Jonathan Rees (21 August 1841 – 13 June 1905) was a Welsh poet, educationalist, and colliery official who wrote under the pen name Nathan Wyn. He was a prominent figure in Welsh literary circles and a successful competitor at the National Eisteddfod during the late 19th and early 20th centuries.

== Early life and career ==

Rees was born on 21 August 1841 in Puncheston, Pembrokeshire, the son of James and Eunice Rees. He was the brother of Evan Rees (Dyfed). When he was nine years old, his family moved to Aberdare, and later relocated to Ystrad in 1877.

Rees worked as a colliery official at Bodringallt for the remainder of his working life. He was also active in education, serving on the Rhondda School Board for many years.

== Literary career ==

Rees achieved recognition as a poet from a young age and became a highly successful competitor at the National Eisteddfod, winning prizes across various poetic metres during the final thirty years of his life. His most notable achievement came at the Liverpool National Eisteddfod in 1900, where he was awarded six prizes in different competitions.

Rees published two collections of poetry Caniadau Nathan Wyn and Munudau Hamddenol.

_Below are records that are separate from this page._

(* Let $\mathcal V$ be a finite set, $2\le k\le|\mathcal V|-2$, let $\Gamma\subset\binom{\mathcal V}{k}$ be a code and $G\le{\rm Aut}(\Gamma)\cap{\rm Sym}(\mathcal V)$. If $\Gamma$ is $G$-strongly incidence-transitive, then $\Gamma$ is $G$-incidence-transitive and $\delta(\Gamma)\ge2$.
   Context: The Johnson graph $J(|\mathcal V|,k)$ has vertex set $\binom{\mathcal V}{k}$, the $k$-subsets of $\mathcal V$, two being adjacent iff they meet in $k-1$ points; $d$ is graph distance. A code is a proper non-empty subset $\Gamma\subset\binom{\mathcal V}{k}$; $\delta(\Gamma)$ is the least distance between distinct codewords; the neighbour set $\Gamma_1$ is the set of $k$-subsets not in $\Gamma$ at distance $1$ from some codeword. ${\rm Aut}(\Gamma)$ is the setwise stabiliser of $\Gamma$ in ${\rm Aut}(J(|\mathcal V|,k))$. $\Gamma$ is $G$-incidence-transitive if $G$ is transitive on $\{(\gamma,\gamma_1)\in\Gamma\times\Gamma_1: d(\gamma,\gamma_1)=1\}$. $\Gamma$ is $G$-strongly incidence-transitive if $G$ is transitive on $\Gamma$ and, for $\gamma\in\Gamma$, $G_\gamma$ is transitive on $\gamma\times(\mathcal V\setminus\gamma)$. *)

theory Defs
  imports "HOL-Algebra.Bij" "HOL-Algebra.Group"
begin

definition ksubsets :: "'a set \<Rightarrow> nat \<Rightarrow> 'a set set" where
  "ksubsets V k = {A. A \<subseteq> V \<and> card A = k}"

definition johnson_adj :: "'a set \<Rightarrow> nat \<Rightarrow> 'a set \<Rightarrow> 'a set \<Rightarrow> bool" where
  "johnson_adj V k A B \<longleftrightarrow> A \<in> ksubsets V k \<and> B \<in> ksubsets V k \<and> A \<noteq> B
      \<and> card (A \<inter> B) = k - 1"

definition johnson_dist :: "'a set \<Rightarrow> nat \<Rightarrow> 'a set \<Rightarrow> 'a set \<Rightarrow> nat" where
  "johnson_dist V k A B = (LEAST n. \<exists>p. length p = Suc n \<and> hd p = A \<and> last p = B
      \<and> (\<forall>i<n. johnson_adj V k (p ! i) (p ! Suc i)))"

definition is_code :: "'a set \<Rightarrow> nat \<Rightarrow> 'a set set \<Rightarrow> bool" where
  "is_code V k \<Gamma> \<longleftrightarrow> \<Gamma> \<subseteq> ksubsets V k \<and> \<Gamma> \<noteq> {} \<and> \<Gamma> \<noteq> ksubsets V k"

definition min_dist_ge :: "'a set \<Rightarrow> nat \<Rightarrow> 'a set set \<Rightarrow> nat \<Rightarrow> bool" where
  "min_dist_ge V k \<Gamma> d \<longleftrightarrow>
     (\<forall>A\<in>\<Gamma>. \<forall>B\<in>\<Gamma>. A \<noteq> B \<longrightarrow> d \<le> johnson_dist V k A B)"

definition neighbour_set :: "'a set \<Rightarrow> nat \<Rightarrow> 'a set set \<Rightarrow> 'a set set" where
  "neighbour_set V k \<Gamma> = {B \<in> ksubsets V k. B \<notin> \<Gamma> \<and> (\<exists>A\<in>\<Gamma>. johnson_dist V k A B = 1)}"

definition incidences :: "'a set \<Rightarrow> nat \<Rightarrow> 'a set set \<Rightarrow> ('a set \<times> 'a set) set" where
  "incidences V k \<Gamma> = {(A, B). A \<in> \<Gamma> \<and> B \<in> neighbour_set V k \<Gamma> \<and> johnson_dist V k A B = 1}"

definition stabilises_code :: "('a \<Rightarrow> 'a) set \<Rightarrow> 'a set set \<Rightarrow> bool" where
  "stabilises_code G \<Gamma> \<longleftrightarrow> (\<forall>g\<in>G. (\<lambda>A. g ` A) ` \<Gamma> = \<Gamma>)"

definition incidence_transitive :: "'a set \<Rightarrow> nat \<Rightarrow> ('a \<Rightarrow> 'a) set \<Rightarrow> 'a set set \<Rightarrow> bool" where
  "incidence_transitive V k G \<Gamma> \<longleftrightarrow>
     (\<forall>(A, B)\<in>incidences V k \<Gamma>. \<forall>(A', B')\<in>incidences V k \<Gamma>.
        \<exists>g\<in>G. g ` A = A' \<and> g ` B = B')"

definition strongly_incidence_transitive :: "'a set \<Rightarrow> ('a \<Rightarrow> 'a) set \<Rightarrow> 'a set set \<Rightarrow> bool" where
  "strongly_incidence_transitive V G \<Gamma> \<longleftrightarrow>
     (\<forall>A\<in>\<Gamma>. \<forall>B\<in>\<Gamma>. \<exists>g\<in>G. g ` A = B) \<and>
     (\<forall>C\<in>\<Gamma>. \<forall>(a, b)\<in>C \<times> (V - C). \<forall>(c, d)\<in>C \<times> (V - C).
        \<exists>g\<in>G. g ` C = C \<and> g a = c \<and> g b = d)"

end

theory Submission
  imports Defs
begin

text \<open>
  Take incidences (A, B) and (A', B'), so that B = A - {a} \<union> {b} and B' = A' - {a'} \<union> {b'}.
  Transitivity on codewords moves A to A', and the stabiliser of A' then moves the images of
  a, b to a', b'; the composite maps (A, B) to (A', B').  If two codewords were adjacent,
  this transitivity together with the invariance of \<Gamma> would make \<Gamma> closed under adjacency,
  hence equal to all k-subsets by connectivity of the Johnson graph, contradicting properness.
\<close>

lemma finite_ksubset: "finite V \<Longrightarrow> A \<in> ksubsets V k \<Longrightarrow> finite A"
  by (auto simp: ksubsets_def intro: finite_subset)

lemma johnson_adj_exchange:
  assumes "finite V" "1 \<le> k" "johnson_adj V k A B"
  obtains a b where "a \<in> A" "a \<notin> B" "b \<in> B" "b \<notin> A" "B = insert b (A - {a})"
proof -
  have A: "A \<subseteq> V" "card A = k" and B: "B \<subseteq> V" "card B = k"
    and I: "card (A \<inter> B) = k - 1"
    using assms(3) by (auto simp: johnson_adj_def ksubsets_def)
  have "finite A" "finite B" using A B assms(1) finite_subset by auto
  then have "card (A - B) = 1" "card (B - A) = 1"
    using card_Diff_subset_Int[of A B] card_Diff_subset_Int[of B A] A B I assms(2)
    by (simp_all add: Int_commute)
  then obtain a b where "A - B = {a}" "B - A = {b}" by (auto simp: card_Suc_eq)
  then show thesis by (intro that[of a b]) blast+
qed

lemma johnson_adj_insert_Diff:
  assumes "finite V" "1 \<le> k" "A \<in> ksubsets V k" "a \<in> A" "b \<in> V" "b \<notin> A"
  shows "johnson_adj V k A (insert b (A - {a}))"
proof -
  have "finite A" "card A = k" "A \<subseteq> V"
    using finite_ksubset assms by (auto simp: ksubsets_def)
  moreover have "A \<inter> insert b (A - {a}) = A - {a}" "A \<noteq> insert b (A - {a})"
    using assms(4,6) by blast+
  ultimately show ?thesis
    using assms by (auto simp: johnson_adj_def ksubsets_def)
qed

lemma johnson_adj_closed_imp_ksubsets_subset:
  assumes "finite V" "1 \<le> k" "X \<in> S" "X \<in> ksubsets V k"
    and closed: "\<And>X Y. X \<in> S \<Longrightarrow> johnson_adj V k X Y \<Longrightarrow> Y \<in> S"
  shows "ksubsets V k \<subseteq> S"
proof
  fix Y assume Y: "Y \<in> ksubsets V k"
  have "finite Y" using finite_ksubset assms(1) Y by blast
  show "Y \<in> S" using assms(3,4)
  proof (induction "card (Y - X)" arbitrary: X)
    case 0
    with \<open>finite Y\<close> have "Y \<subseteq> X" by auto
    moreover have "card Y = card X" "finite X"
      using 0 Y finite_ksubset assms(1) by (auto simp: ksubsets_def)
    ultimately show ?case using 0 card_subset_eq by metis
  next
    case (Suc n)
    have "finite X" using finite_ksubset assms(1) Suc by blast
    have "card (X - Y) = card (Y - X)"
      using card_Diff_subset_Int[of X Y] card_Diff_subset_Int[of Y X] \<open>finite X\<close> \<open>finite Y\<close>
        Suc.prems Y by (simp add: ksubsets_def Int_commute)
    then have "X - Y \<noteq> {}" "Y - X \<noteq> {}" using Suc.hyps(2) by fastforce+
    then obtain x y where x: "x \<in> X" "x \<notin> Y" and y: "y \<in> Y" "y \<notin> X" by blast
    have "y \<in> V" using y Y by (auto simp: ksubsets_def)
    define X' where "X' = insert y (X - {x})"
    have adj: "johnson_adj V k X X'"
      unfolding X'_def by (rule johnson_adj_insert_Diff[OF assms(1,2) Suc.prems(2) x(1) \<open>y \<in> V\<close> y(2)])
    have "Y - X' = (Y - X) - {y}" unfolding X'_def using x by blast
    then have "n = card (Y - X')" using Suc.hyps(2) y \<open>finite Y\<close> by simp
    moreover have "X' \<in> S" "X' \<in> ksubsets V k"
      using closed Suc.prems adj by (auto simp: johnson_adj_def)
    ultimately show ?case using Suc.hyps(1) by blast
  qed
qed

Many of his poems and essays were published in Welsh periodicals including Y Gwladgarwr, Y Geninen, and Cymru (O.M.E.).

== Death ==

Jonathan Rees died on 13 June 1905. His death was noted in the Welsh press, with Tarian Y Gweithiwr publishing an obituary tribute on 29 June 1905 that praised his poetic work and character. The tribute, written under the pen name "Y Dr YW" from Tylorstown, commemorated him as a "dedicated poet whose bardic work would be long remembered."